September 13, 2005
The Water for the People Network, a broad alliance of non-government organizations (NGOs) and grassroots-based groups in the Philippines campaigning for people's control over water services and resources, challenges the United Nations (UN) to issue a strong statement against the privatization of water services due to its disastrous impact on the human right to access and use water as the multilateral body prepares for a high-level review of the Millennium Development Goals (MDGs) on September 14-16 in New York.
The MDGs suffers from a problem that is much deeper than the apparent lack of commitment of industrialized countries to meet the MDGs and the slow progress that makes the 2015 UN deadline unrealizable. The more fundamental problem of the MDGs and the most serious threat to the UN campaign to alleviate the social and economic condition of the world's poor is the promotion of the MDGs of the same neoliberal policies such as privatization that have, in the first place, aggravated chronic global poverty and severe inequity.
Privatization grossly violates the people's human right to water because it distorts the provision of water supply and sanitation as a basic service and regards water just like any other commodity that corporations can exploit and profit from. This distortion results in prohibitive user fees and other charges that poor households could not afford. In Metro Manila, for example, the average tariff before the Metropolitan Waterworks and Sewerage System (MWSS) was privatized in August 1997 was PhP8.78 per cubic meter. By January 2005, the private concessionaires Manila Water and Maynilad were charging their costumers PhP16.17 and PhP30.19 per cubic meter, respectively. Worse, of the 13 million Metro Manila residents as of 2003, only 9.1 million have water supply and less than 2 million have sewerage connection.
But in spite the plethora of empirical evidence showing that water privatization has not only further marginalized the poor in terms of access to water supply and sanitation but also did not improve the quality of water services, the UN has never issued a categorical denunciation of this neoliberal policy being imposed on many countries by international financial institutions (IFIs) led by the World Bank.

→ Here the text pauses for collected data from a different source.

(* Let $H$ and $L$ be Hilbert spaces, let $T:H\to L$ be a linear operator, and let $\mathcal{A}\subset H$ be nonempty. Suppose $T$ is bi-Lipschitz from $\mathcal{A}$ to $L$ with constants $\alpha,\beta>0$, i.e. $\alpha\|f_1-f_2\|^2\le\|T(f_1-f_2)\|^2\le\beta\|f_1-f_2\|^2$ for all $f_1,f_2\in\mathcal{A}$. Let $f\in H$, $e\in L$ and $g=Tf+e$. Let $\epsilon,\delta>0$. Let $f_{opt}^\epsilon\in\mathcal{A}$ be any element with $\|g-Tf_{opt}^\epsilon\|^2\le\inf_{h\in\mathcal{A}}\|g-Th\|^2+\epsilon$. Let $f_{\mathcal{A}}^\delta\in\mathcal{A}$ be any element with $\|f-f_{\mathcal{A}}^\delta\|^2\le\inf_{h\in\mathcal{A}}\|f-h\|^2+\delta$, and set $\tilde e=g-Tf_{\mathcal{A}}^\delta$. Then \[ \|f_{\mathcal{A}}^\delta-f_{opt}^\epsilon\|\le\frac{1}{\sqrt{\alpha}}\left[2\|\tilde e\|+\sqrt{\epsilon}\right]. \]
   Context: The elements $f_{opt}^\epsilon$ ("$\epsilon$-optimal estimates") and $f_{\mathcal{A}}^\delta$ (a "$\delta$-projection" of $f$ onto $\mathcal{A}$) exist since $\mathcal{A}$ is nonempty and $\epsilon,\delta>0$. *)

theory Defs
  imports "HOL-Analysis.Analysis"
begin

end

theory Submission
  imports Defs
begin

text \<open>An \<open>\<epsilon>\<close>-optimal estimate fits the data \<open>g\<close> as well as any element of \<open>A\<close>,
  in particular \<open>f_A\<close>, up to \<open>sqrt \<epsilon>\<close>. Since \<open>T (f_A - f_opt)\<close> is the difference
  of the two data misfits, the triangle inequality and the lower Lipschitz bound give the
  estimate.\<close>

lemma near_minimizer_norm_le:
  fixes d :: "'a \<Rightarrow> 'b::real_normed_vector"
  assumes "x \<in> A" and "\<epsilon> \<ge> 0"
    and "(norm (d y))\<^sup>2 \<le> (INF h\<in>A. (norm (d h))\<^sup>2) + \<epsilon>"
  shows "norm (d y) \<le> norm (d x) + sqrt \<epsilon>"
proof (rule power2_le_imp_le)
  have "bdd_below ((\<lambda>h. (norm (d h))\<^sup>2) ` A)"
    by (rule bdd_belowI[where m = 0]) auto
  then have "(INF h\<in>A. (norm (d h))\<^sup>2) \<le> (norm (d x))\<^sup>2"
    using \<open>x \<in> A\<close> by (rule cINF_lower)
  also have "(norm (d x))\<^sup>2 + \<epsilon> \<le> (norm (d x) + sqrt \<epsilon>)\<^sup>2"
    using \<open>\<epsilon> \<ge> 0\<close> by (simp add: power2_sum)
  ultimately show "(norm (d y))\<^sup>2 \<le> (norm (d x) + sqrt \<epsilon>)\<^sup>2"
    using assms(3) by linarith
  show "0 \<le> norm (d x) + sqrt \<epsilon>"
    using \<open>\<epsilon> \<ge> 0\<close> by simp
qed

lemma sqrt_mult_norm_le_of_sq_bound:
  fixes x :: "'a::real_normed_vector" and y :: "'b::real_normed_vector"
  assumes "\<alpha> * (norm x)\<^sup>2 \<le> (norm y)\<^sup>2"
  shows "sqrt \<alpha> * norm x \<le> norm y"
proof -
  have "sqrt (\<alpha> * (norm x)\<^sup>2) \<le> sqrt ((norm y)\<^sup>2)"
    using assms by (rule real_sqrt_le_mono)
  then show ?thesis
    by (simp add: real_sqrt_mult)
qed

theorem mainTheorem1:
  fixes T :: "'h::{real_inner,complete_space} \<Rightarrow> 'l::{real_inner,complete_space}"
    and A :: "'h set" and \<alpha> \<beta> \<epsilon> \<delta> :: real
    and f f_opt f_A :: 'h and e g :: 'l
  assumes "linear T"
    and "A \<noteq> {}"
    and "\<alpha> > 0" and "\<beta> > 0"
    and "\<And>f1 f2. f1 \<in> A \<Longrightarrow> f2 \<in> A \<Longrightarrow>
           \<alpha> * (norm (f1 - f2))\<^sup>2 \<le> (norm (T (f1 - f2)))\<^sup>2 \<and>
           (norm (T (f1 - f2)))\<^sup>2 \<le> \<beta> * (norm (f1 - f2))\<^sup>2"
    and "g = T f + e"
    and "\<epsilon> > 0" and "\<delta> > 0"
    and "f_opt \<in> A"
    and "(norm (g - T f_opt))\<^sup>2 \<le> (INF h\<in>A. (norm (g - T h))\<^sup>2) + \<epsilon>"
    and "f_A \<in> A"
    and "(norm (f - f_A))\<^sup>2 \<le> (INF h\<in>A. (norm (f - h))\<^sup>2) + \<delta>"
  shows "norm (f_A - f_opt) \<le> (1 / sqrt \<alpha>) * (2 * norm (g - T f_A) + sqrt \<epsilon>)"
proof -
  have misfit: "norm (g - T f_opt) \<le> norm (g - T f_A) + sqrt \<epsilon>"
    using near_minimizer_norm_le[where d = "\<lambda>h. g - T h"] assms(7,10,11) by simp
  have "sqrt \<alpha> * norm (f_A - f_opt) \<le> norm (T (f_A - f_opt))"
    using assms(5)[OF assms(11,9)] by (blast intro: sqrt_mult_norm_le_of_sq_bound)
  also have "T (f_A - f_opt) = (g - T f_opt) - (g - T f_A)"
    using linear_diff[OF assms(1)] by simp
  also have "norm \<dots> \<le> norm (g - T f_opt) + norm (g - T f_A)"
    by (rule norm_triangle_ineq4)
  finally have "sqrt \<alpha> * norm (f_A - f_opt) \<le> 2 * norm (g - T f_A) + sqrt \<epsilon>"
    using misfit by linarith
  then show ?thesis
    using assms(3) by (simp add: field_simps)
qed

end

From 1990 to 2004, a total of almost US$42 billion has been invested in the water supply and sanitation sector with private sector participation, based on World Bank data. The Philippines ranked second only to Argentina in terms of cumulative investment with US$5.9 billion or around 14% of the total. Recent developments show that the march towards water privatization in the Philippines will not only continue but will even gain pace. The implementation of President Gloria Arroyo's Executive Order (EO) No. 279, issued in February 2004, is reorganizing and reorienting the Local Water Utilities Administration (LWUA) to facilitate the corporatization and privatization of water districts around the country. For the controversial Maynilad, the Arroyo government did not only refuse to kick out the notorious French transnational corporation (TNC) Suez but is even inviting other foreign companies to take the place of the Lopez family in the failed MWSS west zone concession.
Unless such policies are reversed, we believe that the campaign to provide water for all, especially for the poor, will never be realized. The UN should renounce water privatization and rethink the MDGs to truly reflect the human rights aspiration of the people to have clean, affordable, and efficient water services.
STOP WATER PRIVATIZATION!
WATER FOR THE PEOPLE NOW!
The Water for the People Network is a broad national network that campaigns for people's control over water services and resources. It has more than 100 member organizations from all over the country.